The Adventurous Lectionary – October 27 – The Twentieth Sunday after Pentecost

The Adventurous Lectionary – October 27 – The Twentieth Sunday after Pentecost October 16, 2019

The Adventurous Lectionary – The Twentieth Sunday after Pentecost – October 27, 2019

Joel 2:22-32; Psalm 65; 2 Timothy 4:6-8, 16-18; Luke 18:9-14

God have mercy! This is the beginning and end of the spiritual journey. The tax collector’s prayer alerts us to the dynamic interdependence of life and our constant need of grace. There are no self-made persons. No one can make on her or his own. Our righteousness is not fully the result of our own efforts but is part of the graceful interdependence of life. While we are agents in relationship with God, God is the ultimate source of our agency, creativity, and achievement.

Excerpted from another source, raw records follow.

lemma beta_rate_integrand_eq_sum:
  fixes b x :: real
  assumes "n \<ge> 1" "0 < x" "x < 1"
  shows "(1 - real n * x * (1 - x) ^ (n - 1) - (1 - x) ^ n) / x\<^sup>2 * (b * (1 - x) powr (b - 1))
       = (\<Sum>k=1..n-1. b * real k * (1 - x) powr (real k + b - 2))"
proof -
  obtain m where n: "n = Suc m" using assms(1) by (cases n) auto
  have "(1 - real n * x * (1 - x) ^ (n - 1) - (1 - x) ^ n) / x\<^sup>2 * (b * (1 - x) powr (b - 1))
          = (\<Sum>k=1..m. real k * (1 - x) ^ (k - 1)) * (b * (1 - x) powr (b - 1))"
    using one_minus_power_expansion[of m "1 - x"] assms by (simp add: n mult.assoc)
  also have "\<dots> = (\<Sum>k=1..m. b * real k * ((1 - x) ^ (k - 1) * (1 - x) powr (b - 1)))"
    by (simp add: sum_distrib_left sum_distrib_right mult_ac)
  also have "\<dots> = (\<Sum>k=1..m. b * real k * (1 - x) powr (real k + b - 2))"
    by (rule sum.cong) (use assms in \<open>auto simp: powr_realpow[symmetric] powr_add[symmetric] of_nat_diff\<close>)
  finally show ?thesis by (simp add: n)
qed

lemma beta_rate_eq_sum:
  fixes b :: real
  assumes b: "b > 0" and n: "n \<ge> 1"
  shows "beta_rate b n = b * (\<Sum>k=1..n-1. real k / (b + real k - 1))"
proof -
  have integrable: "set_integrable lborel {0<..<1} (\<lambda>x. b * real k * (1 - x) powr (real k + b - 2))"
    and integral: "(LINT x:{0<..<1}|lborel. b * real k * (1 - x) powr (real k + b - 2))
                     = b * (real k / (b + real k - 1))"
    if "k \<in> {1..n-1}" for k
  proof -
    have "real k + b - 2 > -1" using that b by auto
    from one_minus_powr_set_integral[OF this]
    show "set_integrable lborel {0<..<1} (\<lambda>x. b * real k * (1 - x) powr (real k + b - 2))"
      and "(LINT x:{0<..<1}|lborel. b * real k * (1 - x) powr (real k + b - 2))
             = b * (real k / (b + real k - 1))"
      by (auto simp: algebra_simps)
  qed
  have "beta_rate b n
      = (LINT x:{0<..<1}|lborel. (\<Sum>k=1..n-1. b * real k * (1 - x) powr (real k + b - 2)))"
    unfolding beta_rate_def
    by (rule set_lebesgue_integral_cong) (use n beta_rate_integrand_eq_sum in auto)
  also have "\<dots> = (\<Sum>k=1..n-1. (LINT x:{0<..<1}|lborel. b * real k * (1 - x) powr (real k + b - 2)))"
    unfolding set_lebesgue_integral_def scaleR_sum_right
    by (rule Bochner_Integration.integral_sum) (use integrable in \<open>auto simp: set_integrable_def\<close>)
  also have "\<dots> = (\<Sum>k=1..n-1. b * (real k / (b + real k - 1)))"
    by (rule sum.cong) (use integral in auto)
  finally show ?thesis by (simp add: sum_distrib_left)
qed

lemma Digamma_plus_of_nat:
  fixes z :: real
  assumes "z > 0"
  shows "Digamma (z + real N) = Digamma z + (\<Sum>k<N. 1 / (z + real k))"
proof (induction N)
  case (Suc N)
  have "Digamma (z + real (Suc N)) = Digamma (z + real N) + 1 / (z + real N)"
    using Digamma_plus1[of "z + real N"] assms by (simp add: ac_simps)
  then show ?case using Suc by simp
qed simp

lemma sum_frac_eq_Digamma:
  fixes b :: real
  assumes b: "b > 0"
  shows "(\<Sum>k=1..m. real k / (b + real k - 1)) = real m - (b - 1) * (Digamma (b + real m) - Digamma b)"
proof (induction m)
  case (Suc m)
  have "real (Suc m) / (b + real m) = 1 - (b - 1) * (1 / (b + real m))"
    using b by (simp add: field_simps)
  then show ?case
    using Suc Digamma_plus_of_nat[OF b, of m] Digamma_plus_of_nat[OF b, of "Suc m"]
    by (simp add: algebra_simps)
qed simp

lemma Digamma_minus_ln_shift_tendsto:
  fixes z :: real
  assumes z: "z > 0"
  shows "(\<lambda>N. Digamma (z + real N) - ln (z + real N)) \<longlonglongrightarrow> 0"
proof -
  have "(\<lambda>m. ln (real m) - (Digamma (z + real m) - Digamma z)) \<longlonglongrightarrow> Digamma z"
    using Digamma_LIMSEQ[of z] z by (simp add: Digamma_plus_of_nat divide_inverse)
  then have "(\<lambda>m. Digamma (z + real m) - ln (real m)) \<longlonglongrightarrow> 0"
    by (auto dest: tendsto_diff[OF tendsto_const[of "Digamma z"]])
  moreover have "(\<lambda>m. ln (z + real m) - ln (real m)) \<longlonglongrightarrow> (0::real)"
    by real_asymp
  ultimately show ?thesis by (auto dest: tendsto_diff)
qed

lemma ln_plus1_minus_ln_le:
  fixes x :: real
  assumes "x > 0"
  shows "ln (x + 1) - ln x \<le> 1 / x"
  using ln_le_minus_one[of "(x + 1) / x"] assms by (simp add: ln_div field_simps)

lemma ln_plus1_minus_ln_ge:
  fixes x :: real
  assumes "x > 0"
  shows "1 / (x + 1) \<le> ln (x + 1) - ln x"
  using ln_le_minus_one[of "x / (x + 1)"] assms by (simp add: ln_div field_simps)

lemma Digamma_le_ln:
  fixes x :: real
  assumes x: "x > 0"
  shows "Digamma x \<le> ln x"
proof -
  define a where "a = (\<lambda>N. Digamma (x + real N) - ln (x + real N))"
  have "incseq a"
  proof (rule incseq_SucI)
    fix N
    have "a (Suc N) = a N + 1 / (x + real N) - (ln (x + real N + 1) - ln (x + real N))"
      using Digamma_plus_of_nat[OF x, of N] Digamma_plus_of_nat[OF x, of "Suc N"]
      unfolding a_def by (simp add: algebra_simps)
    then show "a N \<le> a (Suc N)"
      using ln_plus1_minus_ln_le[of "x + real N"] x by simp
  qed
  moreover have "a \<longlonglongrightarrow> 0"
    unfolding a_def by (rule Digamma_minus_ln_shift_tendsto[OF x])
  ultimately show ?thesis
    using incseq_le[of a 0 0] by (simp add: a_def)
qed

lemma ln_minus_Digamma_le:
  fixes x :: real
  assumes x: "x > 1"
  shows "ln x - Digamma x \<le> 1 / (x - 1)"
proof -
  have z: "x - 1 > 0" using x by simp
  define e where "e = (\<lambda>N. Digamma (x + real N) - ln (x + real N) + 1 / (x - 1 + real N))"
  have "(\<lambda>N. Digamma (x - 1 + real (Suc N)) - ln (x - 1 + real (Suc N))) \<longlonglongrightarrow> 0"
    using LIMSEQ_Suc[OF Digamma_minus_ln_shift_tendsto[OF z]] .
  moreover have "(\<lambda>N. 1 / (x - 1 + real N)) \<longlonglongrightarrow> 0"
    by real_asymp
  ultimately have "e \<longlonglongrightarrow> 0 + 0"
    unfolding e_def by (intro tendsto_add) (simp_all add: algebra_simps)
  moreover have "decseq e"
  proof (rule decseq_SucI)
    fix N
    define y where "y = x + real N"
    have y: "y > 1" using x by (simp add: y_def)
    have "Digamma (x + real (Suc N)) = Digamma (x + real N) + 1 / y"
      using Digamma_plus_of_nat[of x N] Digamma_plus_of_nat[of x "Suc N"] x
      by (simp add: y_def)
    then have "e (Suc N) - e N = 2 / y - (ln (y + 1) - ln y) - 1 / (y - 1)"
      unfolding e_def y_def by (simp add: algebra_simps)
    also have "\<dots> \<le> 2 / y - 1 / (y + 1) - 1 / (y - 1)"
      using ln_plus1_minus_ln_ge[of y] y by simp
    also have "\<dots> \<le> 0"
      using y by (simp add: divide_simps) (simp add: algebra_simps)
    finally show "e (Suc N) \<le> e N" by simp
  qed
  ultimately show ?thesis
    using decseq_ge[of e 0 0] by (simp add: e_def)
qed

lemma Digamma_shift_minus_ln_bigo:
  fixes c :: real
  shows "(\<lambda>n. Digamma (real n + c) - ln (real n)) \<in> O(\<lambda>n. 1 / real n)"
proof -
  have "(\<lambda>n. Digamma (real n + c) - ln (real n + c)) \<in> O(\<lambda>n. 1 / (real n + c - 1))"
  proof (rule bigoI[where c = 1])
    have "\<forall>\<^sub>F n in sequentially. real n + c > 1"
      by real_asymp
    then show "\<forall>\<^sub>F n in sequentially.
        norm (Digamma (real n + c) - ln (real n + c)) \<le> 1 * norm (1 / (real n + c - 1))"
    proof eventually_elim
      case (elim n)
      then show ?case
        using Digamma_le_ln[of "real n + c"] ln_minus_Digamma_le[of "real n + c"] by simp
    qed
  qed
  also have "(\<lambda>n. 1 / (real n + c - 1)) \<in> O(\<lambda>n. 1 / real n)"
    by real_asymp
  finally have "(\<lambda>n. (Digamma (real n + c) - ln (real n + c)) + (ln (real n + c) - ln (real n)))
                  \<in> O(\<lambda>n. 1 / real n)"
    by (rule sum_in_bigo) real_asymp
  then show ?thesis by simp
qed

lemma relative_error_bigo:
  fixes f :: "nat \<Rightarrow> real" and a c d :: real
  assumes c: "c > 0"
    and f: "(\<lambda>n. f n - (c * real n + a * ln (real n) + d)) \<in> O(\<lambda>n. 1 / real n)"
  shows "(\<lambda>n. f n / (c * real n) - 1) \<in> O(\<lambda>n. ln (real n) / real n)"
proof -
  define L :: "nat \<Rightarrow> real" where "L = (\<lambda>n. ln (real n) / real n)"
  have "(\<lambda>n. a / c * L n) \<in> O(L)"
    using landau_o.big.mult[OF bigo_const[of "a / c"] landau_o.big_refl[of L]] by simp
  moreover have "(\<lambda>n. d / c * (1 / real n)) \<in> O(L)"
  proof -
    have "(\<lambda>n. 1 / real n) \<in> O(L)"
      unfolding L_def by real_asymp
    from landau_o.big.mult[OF bigo_const[of "d / c"] this] show ?thesis
      by simp
  qed
  moreover have "(\<lambda>n. (f n - (c * real n + a * ln (real n) + d)) / c * (1 / real n)) \<in> O(L)"
  proof -
    have "(\<lambda>n. (f n - (c * real n + a * ln (real n) + d)) / c * (1 / real n))
            \<in> O(\<lambda>n. 1 / real n * (1 / real n))"
      using f c by (intro landau_o.big.mult_right) simp
    also have "(\<lambda>n. 1 / real n * (1 / real n)) \<in> O(L)"
      unfolding L_def by real_asymp
    finally show ?thesis .
  qed
  ultimately have "(\<lambda>n. a / c * L n + d / c * (1 / real n)
                     + (f n - (c * real n + a * ln (real n) + d)) / c * (1 / real n)) \<in> O(L)"
    by (intro sum_in_bigo)
  moreover have "\<forall>\<^sub>F n in sequentially. a / c * L n + d / c * (1 / real n)
                   + (f n - (c * real n + a * ln (real n) + d)) / c * (1 / real n)
                   = f n / (c * real n) - 1"
    using eventually_gt_at_top[of 0]
    by eventually_elim (use c in \<open>simp add: L_def field_simps\<close>)
  ultimately show ?thesis
    unfolding L_def by (simp only: landau_o.big.in_cong)
qed

lemma reciprocal_second_order_identity:
  fixes F m v a d :: real
  assumes "m \<noteq> 0" "1 + v \<noteq> 0" "F = m * (1 + v)"
  shows "1 / F - 1 / m * (1 - a / m - d / m)
           = 1 / m * (v * v * (1 / (1 + v)) - (F - (m + a + d)) / m)"
  using assms(1,2) unfolding assms(3) by (simp add: divide_simps) (simp add: algebra_simps)

lemma inverse_one_plus_bigo:
  fixes v :: "'a \<Rightarrow> real"
  assumes "(v \<longlongrightarrow> 0) F"
  shows "(\<lambda>x. 1 / (1 + v x)) \<in> O[F](\<lambda>_. 1)"
proof (rule bigoI_tendsto[where c = 1])
  have "((\<lambda>x. 1 + v x) \<longlongrightarrow> 1) F"
    using tendsto_add[OF tendsto_const assms, of 1] by simp
  from tendsto_divide[OF tendsto_const this, of 1] show "((\<lambda>x. 1 / (1 + v x) / 1) \<longlongrightarrow> 1) F"
    by simp
qed simp

lemma reciprocal_bigo_expansion:
  fixes f :: "nat \<Rightarrow> real" and a c d :: real
  assumes c: "c > 0"
    and f: "(\<lambda>n. f n - (c * real n + a * ln (real n) + d)) \<in> O(\<lambda>n. 1 / real n)"
  shows "(\<lambda>n. 1 / f n - 1 / (c * real n) * (1 - a * ln (real n) / (c * real n) - d / (c * real n)))
           \<in> O(\<lambda>n. 1 / (c * real n) * (ln (real n))\<^sup>2 / (real n)\<^sup>2)"
proof -
  define v where "v = (\<lambda>n. f n / (c * real n) - 1)"
  define L :: "nat \<Rightarrow> real" where "L = (\<lambda>n. ln (real n) / real n)"
  have v: "v \<in> O(L)"
    unfolding v_def L_def by (rule relative_error_bigo[OF c f])
  have L_small: "L \<in> o(\<lambda>_. 1)"
    unfolding L_def by real_asymp
  have v_tendsto: "v \<longlonglongrightarrow> 0"
    using smalloD_tendsto[OF landau_o.big_small_trans[OF v L_small]] by simp
  have "(\<lambda>n. v n * v n * (1 / (1 + v n))) \<in> O(\<lambda>n. L n * L n)"
    by (intro landau_o.big_1_mult landau_o.big.mult v inverse_one_plus_bigo v_tendsto)
  moreover have "(\<lambda>n. (f n - (c * real n + a * ln (real n) + d)) / (c * real n)) \<in> O(\<lambda>n. L n * L n)"
  proof -
    have "(\<lambda>n. (f n - (c * real n + a * ln (real n) + d)) / c * (1 / real n))
            \<in> O(\<lambda>n. 1 / real n * (1 / real n))"
      using f c by (intro landau_o.big.mult_right) simp
    also have "(\<lambda>n. 1 / real n * (1 / real n)) \<in> O(\<lambda>n. L n * L n)"
      unfolding L_def by real_asymp
    finally show ?thesis by simp
  qed
  ultimately have "(\<lambda>n. 1 / (c * real n) * (v n * v n * (1 / (1 + v n))
                     - (f n - (c * real n + a * ln (real n) + d)) / (c * real n)))
                     \<in> O(\<lambda>n. 1 / (c * real n) * (L n * L n))"
    by (rule landau_o.big.mult_left[OF sum_in_bigo(2)])
  moreover have "\<forall>\<^sub>F n in sequentially.
      1 / (c * real n) * (v n * v n * (1 / (1 + v n))
        - (f n - (c * real n + a * ln (real n) + d)) / (c * real n))
      = 1 / f n - 1 / (c * real n) * (1 - a * ln (real n) / (c * real n) - d / (c * real n))"
    using eventually_gt_at_top[of 0] order_tendstoD(1)[OF v_tendsto, of "-1", simplified]
  proof eventually_elim
    case (elim n)
    have "f n = c * real n * (1 + v n)"
      using c elim by (simp add: v_def field_simps)
    with elim c show ?case
      by (intro reciprocal_second_order_identity[symmetric]) simp_all
  qed
  moreover have "(\<lambda>n. 1 / (c * real n) * (L n * L n))
                   = (\<lambda>n. 1 / (c * real n) * (ln (real n))\<^sup>2 / (real n)\<^sup>2)"
    by (simp add: L_def power2_eq_square)
  ultimately show ?thesis
    by (simp only: landau_o.big.in_cong)
qed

The Pharisee is to be congratulated and not castigated. Without people like him, society would flounder. His success, righteousness, and civic duty insure the proper functioning of the social order. The problem is his attitude. He trusts in his own righteousness and his self-congratulatory righteousness becomes a barrier between him and other people and him and God. The Pharisee is a good person in terms of his place in society, but his sense of his personal goodness prevents him from experiencing the interconnectedness of life. He can claim “I did this on my own,” “I’m a job creator,” or “I’m a successful businessman,” but what is lacking is his realization that his success is the product of the efforts of others as well as his own. His goodness, in his own mind, is laced with judgement of lesser mortals, sinners like the nearby tax collector. This attitude of independence – of moral superiority – can infect nations as well as individuals.

In contrast, the tax collector recognizes that he is an outsider and that despite his financial well-being, he doesn’t belong in polite society. In the words of Elizabeth Kubler-Ross, he is certain as he looks at his life that “I’m not ok.” He’s standing in the need of prayer and only the grace of God can restore him to wholeness. His prayer for mercy is not an admission of his unworthiness but of his imperfection. Again, in the words of Kubler-Ross, “I’m not ok and you’re not ok. But it’s ok!” Recognizing our need for grace – our complete dependence on God and the efforts of others – inspires us to claim our role as part of a world of interdependence, indeed agents of healing and transformation, where fallibility doesn’t disqualify us from vocation or meaning.

The Pharisee’s mistake was his failure to confess his common humanity. We are all in this together. A plaque on a Paris hospital once read, “We are the dying taking care of the dying.” Our mortality levels the playing field and so does our need for others. Even our ethical goodness is tenuous: good people go astray and fall off the path. In the spirit of twelve step groups, our goodness and resolve is worked out one day at a time, or perhaps more realistically one moment at a time. “I am not like those sinners over there,” the Pharisee judges, full of his own goodness. But, in reality, he is like them. Caught up in the web of relatedness, our goodness depends on factors outside ourselves and not just our propriety. We are all standing in the need of prayer, as the gospel hymn asserts.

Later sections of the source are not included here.